Thursday, December 2, 2010

Estimate versus Guess

As our culture changes at an even increasing rate of speed, it becomes more important to instill in the younger generations basic facts about honesty, logic, integrity. The ways we as a society convey our ideas, using ever increasing acronyms and misspellings for the sake of brevity (lol), remain problematic. The results range somewhere between complete miscommunication and utter global disaster.

The solution may be instilling in our younger generations a better grasp of language or at least a standard for the language we use.

Do you know the difference between an estimate and a guess?

Most people would say “yes”, but for clarity's sake please read on…

A group sits in a conference room, a long table in the middle with chairs around.

Ms. L: I want you to give me estimates but I don’t want you to guess.

Mr. A: Okay

Ms. L: Please let me give you an example of an estimate. Take this table for example: based on your ability to see the table and your proximity to the table and your experience with different sized tables, you would be able to estimate the length of this table.

Mr. A: Approximately.

Ms. L: Yes.

Mr. A: Well, it’s more than six feet but less than 10, I’ll guess, 8 and a half feet.

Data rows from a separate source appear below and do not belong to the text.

lemma tail_constant:
  assumes "i \<in> {Suc k..n}" "j \<in> {Suc k..n}"
  shows "lam i = lam j"
proof (rule ccontr)
  assume "lam i \<noteq> lam j"
  define m where "m = (lam i + lam j) / 2"
  have box: "0 \<le> lam i" "lam i \<le> t - rho" "0 \<le> lam j" "lam j \<le> t - rho"
    using tail_box assms by auto
  have "i \<noteq> j"
    using \<open>lam i \<noteq> lam j\<close> by auto
  have "(\<Sum>x\<in>{i, j}. gap_term T t m) \<le> (\<Sum>x\<in>{i, j}. gap_term T t (lam x))"
  proof (rule no_improving_override)
    show "{i, j} \<subseteq> {1..k} \<or> {i, j} \<subseteq> {Suc k..n}"
      using assms by auto
    show "t + rho \<le> m" if "x \<in> {i, j}" "x \<le> k" for x
      using that assms by auto
    show "0 \<le> m \<and> m \<le> t - rho"
      using box by (simp add: m_def)
    show "(\<Sum>x\<in>{i, j}. m) = sum lam {i, j}"
      using \<open>i \<noteq> j\<close> by (simp add: m_def)
    show "(\<Sum>x\<in>{i, j}. lam x / (1 + lam x * T)) \<le> (\<Sum>x\<in>{i, j}. m / (1 + m * T))"
      using \<open>i \<noteq> j\<close> rc_distortion_midpoint_concave[of "lam i" "lam j" T] box T_spec(1)
      by (simp add: m_def)
  qed
  then have "gap_term T t m + gap_term T t m \<le> gap_term T t (lam i) + gap_term T t (lam j)"
    using \<open>i \<noteq> j\<close> by simp
  moreover have "gap_term T t x = log 2 (1 + x * T)" if "0 \<le> x" "x \<le> t - rho" for x
    using that rho_pos by (simp add: gap_term_below)
  ultimately show False
    using box log_midpoint_strict_concave[OF box(1,3) T_spec(1) \<open>lam i \<noteq> lam j\<close>]
    by (simp add: m_def)
qed

lemma card_tail_values: "card (lam ` {Suc k..n}) \<le> 1"
  unfolding One_nat_def card_le_Suc0_iff_eq[OF finite_imageI[OF finite_atLeastAtMost]]
  by (blast intro: tail_constant)

lemma card_head_values_above: "card (lam ` {i \<in> {1..k}. t + rho < lam i}) \<le> 3"
proof (rule ccontr)
  define H where "H = {i \<in> {1..k}. t + rho < lam i}"
  assume "\<not> card (lam ` {i \<in> {1..k}. t + rho < lam i}) \<le> 3"
  then obtain S where "S \<subseteq> lam ` H" "card S = 4" "finite S"
    using obtain_subset_with_card_n[of 4 "lam ` H"] unfolding H_def by force
  define I where "I = inv_into H lam ` S"
  have "finite I"
    using \<open>finite S\<close> by (simp add: I_def)
  have "I \<subseteq> H"
    using \<open>S \<subseteq> lam ` H\<close> by (auto simp: I_def inv_into_into)
  have "card I = 4"
    using card_image[OF inj_on_inv_into[OF \<open>S \<subseteq> lam ` H\<close>]] \<open>card S = 4\<close> by (simp add: I_def)
  moreover have "inj_on lam I"
    using \<open>card I = 4\<close> \<open>card S = 4\<close> image_inv_into_cancel[OF refl \<open>S \<subseteq> lam ` H\<close>]
    by (intro eq_card_imp_inj_on[OF \<open>finite I\<close>]) (simp add: I_def)
  moreover have above: "t + rho < lam x" if "x \<in> I" for x
    using \<open>I \<subseteq> H\<close> that by (auto simp: H_def)
  ultimately obtain b where b: "sum b I = sum lam I" "\<forall>x\<in>I. t + rho < b x"
      "(\<Sum>x\<in>I. lam x / (1 + lam x * T)) < (\<Sum>x\<in>I. b x / (1 + b x * T))"
      "(\<Sum>x\<in>I. ln (1 + lam x * T) - ln (lam x)) < (\<Sum>x\<in>I. ln (1 + b x * T) - ln (b x))"
    using four_values_improvable[of I lam "t + rho" T] t_spec(1) rho_pos T_spec(1) by auto
  have "I \<subseteq> {1..k}"
    using \<open>I \<subseteq> H\<close> by (auto simp: H_def)
  then have "(\<Sum>x\<in>I. gap_term T t (b x)) \<le> (\<Sum>x\<in>I. gap_term T t (lam x))"
    using b by (intro no_improving_override) auto
  moreover have "t < lam x" "t < b x" if "x \<in> I" for x
    using above[OF that] b(2) that rho_pos by force+
  then have "(\<Sum>x\<in>I. gap_term T t (lam x)) < (\<Sum>x\<in>I. gap_term T t (b x))"
    using b(4) sum_gap_term_above[OF \<open>finite I\<close> t_spec(1) less_imp_le[OF T_spec(1)]]
    by (simp add: divide_strict_right_mono)
  ultimately show False
    by linarith
qed

lemma card_head_values: "card (lam ` {1..k}) \<le> 4"
proof -
  define S where "S = lam ` {i \<in> {1..k}. t + rho < lam i}"
  have "lam ` {1..k} \<subseteq> insert (t + rho) S"
  proof
    fix y assume "y \<in> lam ` {1..k}"
    then obtain i where "i \<in> {1..k}" "y = lam i"
      by blast
    then show "y \<in> insert (t + rho) S"
      using head_ge[of i] unfolding S_def by (cases "lam i = t + rho") auto
  qed
  then have "card (lam ` {1..k}) \<le> card (insert (t + rho) S)"
    by (rule card_mono[rotated]) (simp add: S_def)
  also have "\<dots> \<le> Suc (card S)"
    by (simp add: S_def card_insert_if)
  finally show ?thesis
    using card_head_values_above unfolding S_def by linarith
qed

end

theorem claimD3:
  fixes n k :: nat and Dstar eps rho :: real and lamstar :: "nat \<Rightarrow> real"
  assumes "1 \<le> n" and "k \<le> n"
    and "0 < Dstar" and "Dstar < 1"
    and "0 < eps" and "eps < Dstar"
    and "rho = eps * (Dstar - eps) / (2 * real n)"
    and "lamstar \<in> Fset n k Dstar rho"
    and "\<forall>lam \<in> Fset n k Dstar rho. Gap n Dstar lam \<le> Gap n Dstar lamstar"
  shows "card (lamstar ` {1..n}) \<le> 5"
proof -
  interpret Gap_maximizer n k Dstar rho lamstar
    using assms by unfold_locales auto
  have "{1..n} = {1..k} \<union> {Suc k..n}"
    using assms(2) by auto
  then have "card (lamstar ` {1..n}) \<le> card (lamstar ` {1..k}) + card (lamstar ` {Suc k..n})"
    by (simp add: image_Un card_Un_le)
  then show ?thesis
    using card_head_values card_tail_values by linarith
qed

end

Ms. L: Actually, that’s an estimate, because you looked at it and reasoned it out. I happen to know that this table is 8 feet long, so your estimate was very close to correct. But if you had said anything between 6 and 10 feet, that too would be correct because you are estimating.

Mr. A: Okay, great!

Ms. L: But if I asked you how long my dining room table is at home, you would have to guess. You haven’t been to my house to see the table. I might not even have a dining room table. So for you to answer, that would be a guess.

Mr. A: I understand.

Ms. L: Great. Are you ready to proceed?

Mr. A: I guess.

Ms. L: cries….

Agreement of language is essential for good communication. If you aren’t sure what something means, ask. Language is fluid. Words have a variety of definitions. If you understand the language but you don’t understand the message, ask: what do you mean by that? What’s the point?


Rose said...

I have to write an assignment on the difference between the two words for school. I found your page through Google. It is very helpful, thanks a lot!